### TASK STATEMENT
Repeat exactly, and only, the lines of the entries below from the one with "text \<open>Structure <w>: domain" through the one with "of VX \<Rightarrow>", both ends included.

★ ★ ★ ★ ★ ★ ★

(* $\mathtt{RealTime_{CA}}\subseteq\mathtt{pred}$-$\mathtt{ESO}$-$\mathtt{HORN}$: for every cellular automaton $\mathcal A$ with parallel input, neighborhood $\{-1,0,1\}$ and first cell as output cell, there is a predecessor Horn formula $\Phi$ such that for all $w\in\Sigma^+$, $\mathcal A$ accepts $w$ in real time if and only if $\langle w\rangle\models\Phi$.
   Context: Fix a finite alphabet $\Sigma$. A nonempty word $w=w_1\cdots w_n$ is represented by the structure $\langle w\rangle=([1,n];(Q_s)_{s\in\Sigma},\mathtt{min},\mathtt{max},\mathtt{suc},\mathtt{pred})$ with $Q_s(i)\iff w_i=s$, $\mathtt{min}(i)\iff i=1$, $\mathtt{max}(i)\iff i=n$, $\mathtt{suc}(i)=\min(i+1,n)$, $\mathtt{pred}(i)=\max(i-1,1)$; $x-k$ denotes $\mathtt{pred}^k(x)$. A predecessor Horn formula is $\Phi=\exists\mathbf{R}\forall x\forall y\,\psi(x,y)$, $\mathbf{R}$ a finite set of binary relation symbols, $\psi$ a conjunction of Horn clauses in $x,y$, each of the form $\delta_1\wedge\cdots\wedge\delta_r\to\delta_0$ with $\delta_0$ an atom $R(x,y)$ ($R\in\mathbf{R}$) or $\bot$, each hypothesis being one of: $Q_s(x-a)$, $Q_s(y-a)$ ($s\in\Sigma$, $a\ge0$); $U(x-a)$, $\neg U(x-a)$, $U(y-a)$, $\neg U(y-a)$ ($U\in\{\mathtt{min},\mathtt{max}\}$, $a\ge0$); $S(x-a,y-b)$ or $S(y-b,x-a)$ ($S\in\mathbf{R}$, $a,b\ge0$). $\mathtt{pred}$-$\mathtt{ESO}$-$\mathtt{HORN}$ is the class of languages $\{w\in\Sigma^+:\langle w\rangle\models\Phi\}$. A cellular automaton is $(Q,\Sigma,Q_{accept},\mathcal N,\delta)$ with finite $Q\supseteq\Sigma$, $Q_{accept}\subseteq Q$, finite ordered neighborhood $\mathcal N\subseteq\mathbb Z$, $\delta:Q^{|\mathcal N|}\to Q$. On input $w$ of length $n$ it uses cells $1,\dots,n$, cells outside being permanently in a state $\sharp$; with parallel input $\langle c,1\rangle=w_c$ and $\langle c,t\rangle=\delta(\langle c+v,t-1\rangle:v\in\mathcal N)$ for $t>1$. With $\mathcal N=\{-1,0,1\}$ and output cell $1$, $\mathcal A$ accepts $w$ in real time iff $\langle 1,n\rangle\in Q_{accept}$; $\mathtt{RealTime_{CA}}$ is the class of languages so accepted. *)

theory Defs
  imports Main
begin

text \<open>The alphabet Sigma is a finite type 'a; the state set Q is a finite type 'q.
  Q contains Sigma via the injective embedding inp, and the border state sharp is
  not an input letter. The local rule acts on (left, self, right).\<close>

record ('a, 'q) ca =
  inp :: "'a \<Rightarrow> 'q"
  sharp :: "'q"
  accept :: "'q set"
  delta :: "'q \<Rightarrow> 'q \<Rightarrow> 'q \<Rightarrow> 'q"

definition ca_wf :: "('a, 'q) ca \<Rightarrow> bool" where
  "ca_wf A \<longleftrightarrow> inj (inp A) \<and> sharp A \<notin> range (inp A)"

text \<open>ca_state A w t c is the state of cell c at time t+1 (paper notation <c, t+1>).\<close>
fun ca_state :: "('a, 'q) ca \<Rightarrow> 'a list \<Rightarrow> nat \<Rightarrow> int \<Rightarrow> 'q" where
  "ca_state A w 0 c =
     (if 1 \<le> c \<and> c \<le> int (length w) then inp A (w ! nat (c - 1)) else sharp A)"
| "ca_state A w (Suc t) c =
     (if 1 \<le> c \<and> c \<le> int (length w)
      then delta A (ca_state A w t (c - 1)) (ca_state A w t c) (ca_state A w t (c + 1))
      else sharp A)"

text \<open>Real-time acceptance: state of cell 1 at time n = |w| lies in Q_accept.\<close>
definition rt_accepts :: "('a, 'q) ca \<Rightarrow> 'a list \<Rightarrow> bool" where
  "rt_accepts A w \<longleftrightarrow> ca_state A w (length w - 1) 1 \<in> accept A"

datatype fvar = VX | VY

text \<open>Relation symbols are natural numbers.
  HQ v s a       : Q_s(v - a)
  HMin v a b     : min(v - a) if b, else \<not>min(v - a)
  HMax v a b     : max(v - a) if b, else \<not>max(v - a)
  HRelXY S a b   : S(x - a, y - b)
  HRelYX S b a   : S(y - b, x - a)\<close>
datatype 'a hyp =
    HQ fvar 'a nat
  | HMin fvar nat bool
  | HMax fvar nat bool
  | HRelXY nat nat nat
  | HRelYX nat nat nat

datatype concl = CRel nat | CBot

type_synonym 'a clause = "'a hyp list \<times> concl"
type_synonym 'a horn_formula = "'a clause list"

text \<open>Structure <w>: domain [1,n]; pred^a(i) = max(i - a, 1).\<close>
definition predk :: "nat \<Rightarrow> nat \<Rightarrow> nat" where
  "predk a i = max (i - a) 1"

definition vval :: "fvar \<Rightarrow> nat \<Rightarrow> nat \<Rightarrow> nat" where
  "vval v x y = (case v of VX \<Rightarrow> x | VY \<Rightarrow> y)"

fun hyp_holds :: "'a list \<Rightarrow> (nat \<Rightarrow> nat \<Rightarrow> nat \<Rightarrow> bool) \<Rightarrow> nat \<Rightarrow> nat \<Rightarrow> 'a hyp \<Rightarrow> bool" where
  "hyp_holds w I x y (HQ v s a) = (w ! (predk a (vval v x y) - 1) = s)"
| "hyp_holds w I x y (HMin v a b) = ((predk a (vval v x y) = 1) = b)"
| "hyp_holds w I x y (HMax v a b) = ((predk a (vval v x y) = length w) = b)"
| "hyp_holds w I x y (HRelXY S a b) = I S (predk a x) (predk b y)"
| "hyp_holds w I x y (HRelYX S b a) = I S (predk b y) (predk a x)"

fun concl_holds :: "(nat \<Rightarrow> nat \<Rightarrow> nat \<Rightarrow> bool) \<Rightarrow> nat \<Rightarrow> nat \<Rightarrow> concl \<Rightarrow> bool" where
  "concl_holds I x y (CRel R) = I R x y"
| "concl_holds I x y CBot = False"

text \<open><w> |= exists R forall x forall y psi(x,y); the relations I are binary relations
  over the domain (values outside [1,n] are never inspected).\<close>
definition models :: "'a list \<Rightarrow> 'a horn_formula \<Rightarrow> bool" where
  "models w \<Phi> \<longleftrightarrow> (\<exists>I. \<forall>x y. 1 \<le> x \<and> x \<le> length w \<and> 1 \<le> y \<and> y \<le> length w \<longrightarrow>
      (\<forall>cl \<in> set \<Phi>. (\<forall>h \<in> set (fst cl). hyp_holds w I x y h) \<longrightarrow> concl_holds I x y (snd cl)))"

end

theory Submission
  imports Defs
begin

text \<open>Index the space-time diagram of the automaton by \<open>(x, y)\<close> with time \<open>y\<close> and cell
  \<open>x - y + 1\<close>. The real-time output \<open>\<langle>1, n\<rangle>\<close> then sits at \<open>(n, n)\<close>, its light cone is
  \<open>y \<le> x \<le> n\<close>, and the three cells feeding \<open>(x, y)\<close> are \<open>(x - 2, y - 1)\<close>,
  \<open>(x - 1, y - 1)\<close> and \<open>(x, y - 1)\<close>, all reachable by \<open>pred\<close>. With one binary relation
  per state, and \<open>x = y\<close>, \<open>y < x\<close> defined inductively along the diagonal, Horn clauses
  replay the local rule: every model contains the true diagram, and the diagram itself is a
  model. A clause forbidding a rejecting state at \<open>(n, n)\<close> therefore leaves the formula
  satisfiable exactly when the automaton accepts.\<close>

lemma ca_state_left_border [simp]: "ca_state A w t 0 = sharp A"
  by (cases t) simp_all

definition diag_state :: "('a, 'q) ca \<Rightarrow> 'a list \<Rightarrow> nat \<Rightarrow> nat \<Rightarrow> 'q" where
  "diag_state A w x y = ca_state A w (y - 1) (int x - int y + 1)"

lemma diag_state_first_row:
  "1 \<le> x \<Longrightarrow> x \<le> length w \<Longrightarrow> diag_state A w x 1 = inp A (w ! (x - 1))"
  by (simp add: diag_state_def nat_diff_distrib)

lemma diag_state_step:
  assumes "2 \<le> y" "y \<le> x" "x \<le> length w"
  shows "diag_state A w x y =
    delta A (if x = y then sharp A else diag_state A w (x - 2) (y - 1))
      (diag_state A w (x - 1) (y - 1)) (diag_state A w x (y - 1))"
proof -
  obtain t where t: "y - 1 = Suc t" "y - 1 - 1 = t"
    using assms by (metis Suc_diff_Suc Suc_le_eq diff_Suc_1 one_add_one plus_1_eq_Suc)
  define c where "c = int x - int y + 1"
  have "1 \<le> c" "c \<le> int (length w)" using assms by (auto simp: c_def)
  then have "diag_state A w x y =
      delta A (ca_state A w t (c - 1)) (ca_state A w t c) (ca_state A w t (c + 1))"
    unfolding diag_state_def t(1) c_def[symmetric] by simp
  moreover have
    "ca_state A w t (c - 1) = (if x = y then sharp A else diag_state A w (x - 2) (y - 1))"
    using assms unfolding diag_state_def t(2) by (auto simp: c_def)
  moreover have "ca_state A w t c = diag_state A w (x - 1) (y - 1)"
    "ca_state A w t (c + 1) = diag_state A w x (y - 1)"
    using assms unfolding diag_state_def t(2) by (auto simp: c_def)
  ultimately show ?thesis by simp
qed

lemma rt_accepts_iff_diag_state:
  "rt_accepts A w \<longleftrightarrow> diag_state A w (length w) (length w) \<in> accept A"
  by (simp add: rt_accepts_def diag_state_def)

definition satisfies :: "'a list \<Rightarrow> (nat \<Rightarrow> nat \<Rightarrow> nat \<Rightarrow> bool) \<Rightarrow> 'a horn_formula \<Rightarrow> bool" where
  "satisfies w I \<Phi> \<longleftrightarrow> (\<forall>x y. 1 \<le> x \<and> x \<le> length w \<and> 1 \<le> y \<and> y \<le> length w \<longrightarrow>
      (\<forall>cl \<in> set \<Phi>. (\<forall>h \<in> set (fst cl). hyp_holds w I x y h) \<longrightarrow> concl_holds I x y (snd cl)))"

lemma models_iff_satisfies: "models w \<Phi> \<longleftrightarrow> (\<exists>I. satisfies w I \<Phi>)"
  by (simp add: models_def satisfies_def)

lemma satisfies_append [simp]:
  "satisfies w I (\<Phi> @ \<Psi>) \<longleftrightarrow> satisfies w I \<Phi> \<and> satisfies w I \<Psi>"
  unfolding satisfies_def set_append ball_Un by blast

lemma satisfies_RelD:
  assumes "satisfies w I \<Phi>" "(hs, CRel R) \<in> set \<Phi>"
    "1 \<le> x" "x \<le> length w" "1 \<le> y" "y \<le> length w" "\<forall>h\<in>set hs. hyp_holds w I x y h"
  shows "I R x y"
  using assms unfolding satisfies_def by fastforce

lemma satisfies_BotD:
  assumes "satisfies w I \<Phi>" "(hs, CBot) \<in> set \<Phi>"
    "1 \<le> x" "x \<le> length w" "1 \<le> y" "y \<le> length w" "\<forall>h\<in>set hs. hyp_holds w I x y h"
  shows False
  using assms unfolding satisfies_def by fastforce

lemma predk_eq: "predk a x = (if a < x then x - a else 1)"
  by (simp add: predk_def)

declare vval_def [simp] predk_eq [simp]

definition order_clauses :: "'a horn_formula" where
  "order_clauses =
     [([HMin VX 0 True, HMin VY 0 True], CRel 0),
      ([HMin VX 0 False, HMin VY 0 False, HRelXY 0 1 1], CRel 0),
      ([HMin VX 0 False, HMin VY 0 True], CRel 1),
      ([HMin VY 0 False, HRelXY 1 1 1], CRel 1)]"

lemma satisfies_order_clauses:
  assumes "\<And>x y. I 0 x y \<longleftrightarrow> x = y" and "\<And>x y. I 1 x y \<longleftrightarrow> y < x"
  shows "satisfies w I order_clauses"
  using assms by (auto simp: satisfies_def order_clauses_def)

lemma order_clauses_diagonal:
  assumes "satisfies w I order_clauses" "1 \<le> x" "x \<le> length w"
  shows "I 0 x x"
  using assms(2,3)
proof (induction x rule: nat_induct_at_least)
  case base
  then show ?case
    by (intro satisfies_RelD[OF assms(1), of "[HMin VX 0 True, HMin VY 0 True]"])
      (simp_all add: order_clauses_def)
next
  case (Suc x)
  then show ?case
    by (intro satisfies_RelD[OF assms(1), of "[HMin VX 0 False, HMin VY 0 False, HRelXY 0 1 1]"])
      (simp_all add: order_clauses_def)
qed

lemma order_clauses_below_diagonal:
  assumes "satisfies w I order_clauses" "1 \<le> y" "y < x" "x \<le> length w"
  shows "I 1 x y"
  using assms(2-4)
proof (induction y arbitrary: x rule: nat_induct_at_least)
  case base
  then show ?case
    by (intro satisfies_RelD[OF assms(1), of "[HMin VX 0 False, HMin VY 0 True]"])
      (simp_all add: order_clauses_def)
next
  case (Suc y)
  then have "I 1 (x - 1) y" by simp
  with Suc show ?case
    by (intro satisfies_RelD[OF assms(1), of "[HMin VY 0 False, HRelXY 1 1 1]"])
      (simp_all add: order_clauses_def)
qed

locale ca_horn_encoding =
  fixes A :: "('a, 'q) ca" and letters :: "'a list" and states :: "'q list"
    and code :: "'q \<Rightarrow> nat"
  assumes letters_UNIV: "set letters = UNIV" and states_UNIV: "set states = UNIV"
    and inj_code: "inj code"
begin

text \<open>Relation symbol \<open>0\<close> stands for \<open>x = y\<close>, \<open>1\<close> for \<open>y < x\<close>, and \<open>state_rel q\<close> for
  \<open>y \<le> x \<and> diag_state A w x y = q\<close>.\<close>

definition state_rel :: "'q \<Rightarrow> nat" where
  "state_rel q = code q + 2"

★ ★ ★ ★ ★ ★ ★

### ANSWER SPACE
text \<open>Structure <w>: domain [1,n]; pred^a(i) = max(i - a, 1).\<close>
definition predk :: "nat \<Rightarrow> nat \<Rightarrow> nat" where
  "predk a i = max (i - a) 1"

definition vval :: "fvar \<Rightarrow> nat \<Rightarrow> nat \<Rightarrow> nat" where
  "vval v x y = (case v of VX \<Rightarrow> x | VY \<Rightarrow> y)"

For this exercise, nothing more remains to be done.